The possibility that constitutive μ receptors in β-arr2-/- mice play a greater role in peripherally-or spinally-mediated responses compared to centrally-mediated responses is supported by our findings using the conditioned place aversion assay of basal hedonic tone. Stimulation of hedonic tone by prolonged exposure to morphine causes an enhanced aversive response to the inverse agonist naloxone but not to the neutral competitive antagonists [11
]. By contrast, there was no difference between the aversive responses to naloxone of β-arr2-/- and β-arr2+/+ mice. These data suggest that the nature of the regulation μ receptors by β-arr2 within the reward pathway differs from that of the peripheral pain pathway. In keeping with this idea β-arr2-/- mice exhibit delayed analgesic tolerance to chronic morphine without altered centrally-mediated morphine dependence [35
Our study reveals that there are key differences between ligand-independent constitutive signaling and agonist-induced μ receptor activity. The former causes a low level basal inhibition of VDCC activity in DRG neurons and this is associated with a modest but sustained antinociception in β-arr2-/- mice. By contrast, the latter produces a more profound VDCC inhibition [17
] resulting in strong analgesia, the duration of which is limited by the adaptive process of tolerance and the opponent process of hyperalgesia [14
]. Furthermore, unlike μ receptor activation by morphine, which can lead to reward and dependence, constitutive μ receptor activity, induced by the absence of β-arr2, appears not to disrupt hedonic tone.
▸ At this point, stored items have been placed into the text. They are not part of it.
lemma counts_after_passes:
  fixes xs :: "nat list"
  assumes "i \<le> p"
  defines "g \<equiv> iterate_passes count_step i xs (\<lambda>_. 0)"
  shows "(\<forall>k\<ge>i * B. g k = 0) \<and>
    (\<forall>j<i. \<forall>d<B. g (j * B + d) = min (window_count xs (offset g j + d * width j) (width j)) (M - 1))"
  using assms(1) unfolding g_def
proof (induction i)
  case (Suc i)
  let ?g = "iterate_passes count_step i xs (\<lambda>_. 0)"
    and ?h = "iterate_passes count_step (Suc i) xs (\<lambda>_. 0)"
  have "?g \<in> counter_tables"
    using Suc.prems by (simp add: iterate_passes_in_counter_tables)
  then have bounded: "\<forall>k. ?g k < M" by (simp add: counter_tables_def)
  have IH: "\<forall>k\<ge>i * B. ?g k = 0"
    "\<forall>j<i. \<forall>d<B. ?g (j * B + d) = min (window_count xs (offset ?g j + d * width j) (width j)) (M - 1)"
    using Suc by simp_all
  have outside: "?h k = ?g k" if "k < i * B \<or> i * B + B \<le> k" for k
    using that by (simp add: fold_count_step_outside)
  have offset_eq: "offset ?h j = offset ?g j" if "j \<le> i" for j
    using that outside by (intro offset_cong) (meson less_le_trans mult_le_mono1)
  have "?h k = 0" if "Suc i * B \<le> k" for k
    using that outside IH(1) by simp
  moreover have "?h (j * B + d) = min (window_count xs (offset ?h j + d * width j) (width j)) (M - 1)"
    if "j < Suc i" "d < B" for j d
  proof (cases "j < i")
    case True
    then have "j * B + d < i * B"
      using \<open>d < B\<close> by (metis add_less_cancel_left less_le_trans mult_Suc mult_le_mono1 Suc_leI add.commute)
    then show ?thesis
      using outside IH(2) True \<open>d < B\<close> offset_eq[of j] by simp
  next
    case False
    then have "j = i" using that(1) by simp
    then show ?thesis
      using fold_count_step_row[OF bounded \<open>d < B\<close>] IH(1) offset_eq[of i] by simp
  qed
  ultimately show ?case by blast
qed simp

lemma power_eq_mult_width: "j < p \<Longrightarrow> B ^ (p - j) = B * width j"
  by (simp add: width_def Suc_diff_Suc flip: power_Suc)

lemma overfull_window:
  assumes rows: "\<And>j d. j < p \<Longrightarrow> d < B \<Longrightarrow>
      g (j * B + d) = window_count xs (offset g j + d * width j) (width j)"
    and start: "capacity 0 (B ^ p) < window_count xs 0 (B ^ p)"
    and "j \<le> p"
  shows "capacity (offset g j) (B ^ (p - j)) < window_count xs (offset g j) (B ^ (p - j))"
  using \<open>j \<le> p\<close>
proof (induction j)
  case 0
  then show ?case using start by simp
next
  case (Suc j)
  then have "j < p" by simp
  let ?l = "offset g j" and ?w = "width j"
  let ?overfull = "\<lambda>d. d < B \<and> capacity (?l + d * ?w) ?w < g (j * B + d)"
  have "capacity ?l (B * ?w) < window_count xs ?l (B * ?w)"
    using Suc \<open>j < p\<close> by (simp add: power_eq_mult_width)
  then obtain d where "d < B" "capacity (?l + d * ?w) ?w < window_count xs (?l + d * ?w) ?w"
    unfolding capacity_def by (rule window_pigeonhole)
  then have "?overfull d" using rows[OF \<open>j < p\<close>] by simp
  then have "?overfull (first_overfull g j ?l)"
    unfolding first_overfull_def by (rule LeastI)
  then show ?case
    using rows[OF \<open>j < p\<close>, of "first_overfull g j ?l"] by (auto simp: width_def)
qed

lemma finds_duplicate:
  assumes len: "length xs = 3 * n div 2" and range: "set xs \<subseteq> {1..n}"
  shows "2 \<le> count_list xs (answer (run_passes delta p xs 0))"
proof -
  define g where "g = iterate_passes count_step p xs (\<lambda>_. 0)"
  have answer: "answer (run_passes delta p xs 0) = Suc (offset g p)"
    using iterate_passes_in_counter_tables[of p xs]
    by (simp add: answer_def g_def run_passes_delta digit_digits_encode_counter_table)
  have "window_count xs a w \<le> M - 1" for a w
    using window_count_le_length[of xs a w] len two_le_n counters_fit by linarith
  then have rows: "g (j * B + d) = window_count xs (offset g j + d * width j) (width j)"
    if "j < p" "d < B" for j d
    using counts_after_passes[of p xs] that by (simp add: g_def min_absorb1)
  have "capacity 0 (B ^ p) = n"
    using n_le_power by (simp add: capacity_def window_count_def)
  moreover have "\<forall>x\<in>set xs. x \<in> {0<..0 + B ^ p}"
    using range n_le_power by auto
  then have "window_count xs 0 (B ^ p) = length xs"
    by (simp add: window_count_def)
  ultimately have "capacity 0 (B ^ p) < window_count xs 0 (B ^ p)"
    using len two_le_n by simp
  from overfull_window[OF rows this order.refl]
  have "capacity (offset g p) 1 < window_count xs (offset g p) 1" by simp
  then have less: "count_list [1..<Suc n] (Suc (offset g p)) < count_list xs (Suc (offset g p))"
    by (simp only: capacity_def window_count_one)
  then have "Suc (offset g p) \<in> set xs"
    by (metis count_notin not_less_zero)
  then have "count_list [1..<Suc n] (Suc (offset g p)) = 1"
    using range by (auto simp: count_list_upt)
  then show ?thesis
    using less by (simp add: answer)
qed

lemma delta_streaming_alg: "streaming_alg p (b * (p * B)) 0 delta"
  using digits_encode_less[of M "p * B"] by (simp add: streaming_alg_def delta_def power_mult)

lemma find_duplicate_algorithm:
  "\<exists>init \<delta> out.
     streaming_alg p (b * (p * B)) init \<delta> \<and> solves_find_duplicate n p init \<delta> out"
  using delta_streaming_alg finds_duplicate unfolding solves_find_duplicate_def by blast

end

definition branching :: "nat \<Rightarrow> nat \<Rightarrow> nat" where
  "branching p n = nat \<lceil>real n powr (1 / real p)\<rceil>"

definition counter_bits :: "nat \<Rightarrow> nat" where
  "counter_bits n = nat \<lceil>log 2 (real n)\<rceil> + 1"

lemma le_branching_power:
  assumes "0 < p"
  shows "n \<le> branching p n ^ p"
proof (cases "n = 0")
  case False
  then have "real n = (real n powr (1 / real p)) ^ p"
    using assms by (simp add: powr_power)
  also have "\<dots> \<le> real (branching p n) ^ p"
    unfolding branching_def by (intro power_mono) (simp_all add: real_nat_ceiling_ge)
  finally show ?thesis by (metis of_nat_le_iff of_nat_power)
qed simp

lemma branching_le:
  assumes "0 < p" "0 < n"
  shows "real (branching p n) \<le> 2 * real n powr (1 / real p)"
proof -
  have "1 \<le> real n powr (1 / real p)"
    using assms by (intro ge_one_powr_ge_zero) auto
  then show ?thesis
    unfolding branching_def by linarith
qed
We previously demonstrated that inhibition of Src in β-arr2+/+ neurons mimics the enhancement of μ receptor constitutive activity seen in β-arr2-/- neurons [17
]. β-arr2, Src and Akt form a signaling complex in vivo that is disrupted in β-arr2-/- mice [37
]. μ Receptor activation stimulates Akt [38
] a process implicated in cross talk with the NMDA receptor and tolerance [39
]. Further studies are required to examine whether targeting the signaling pathway mediated by the β-arr2 complex can produce sustained analgesia through constitutive μ receptor activity.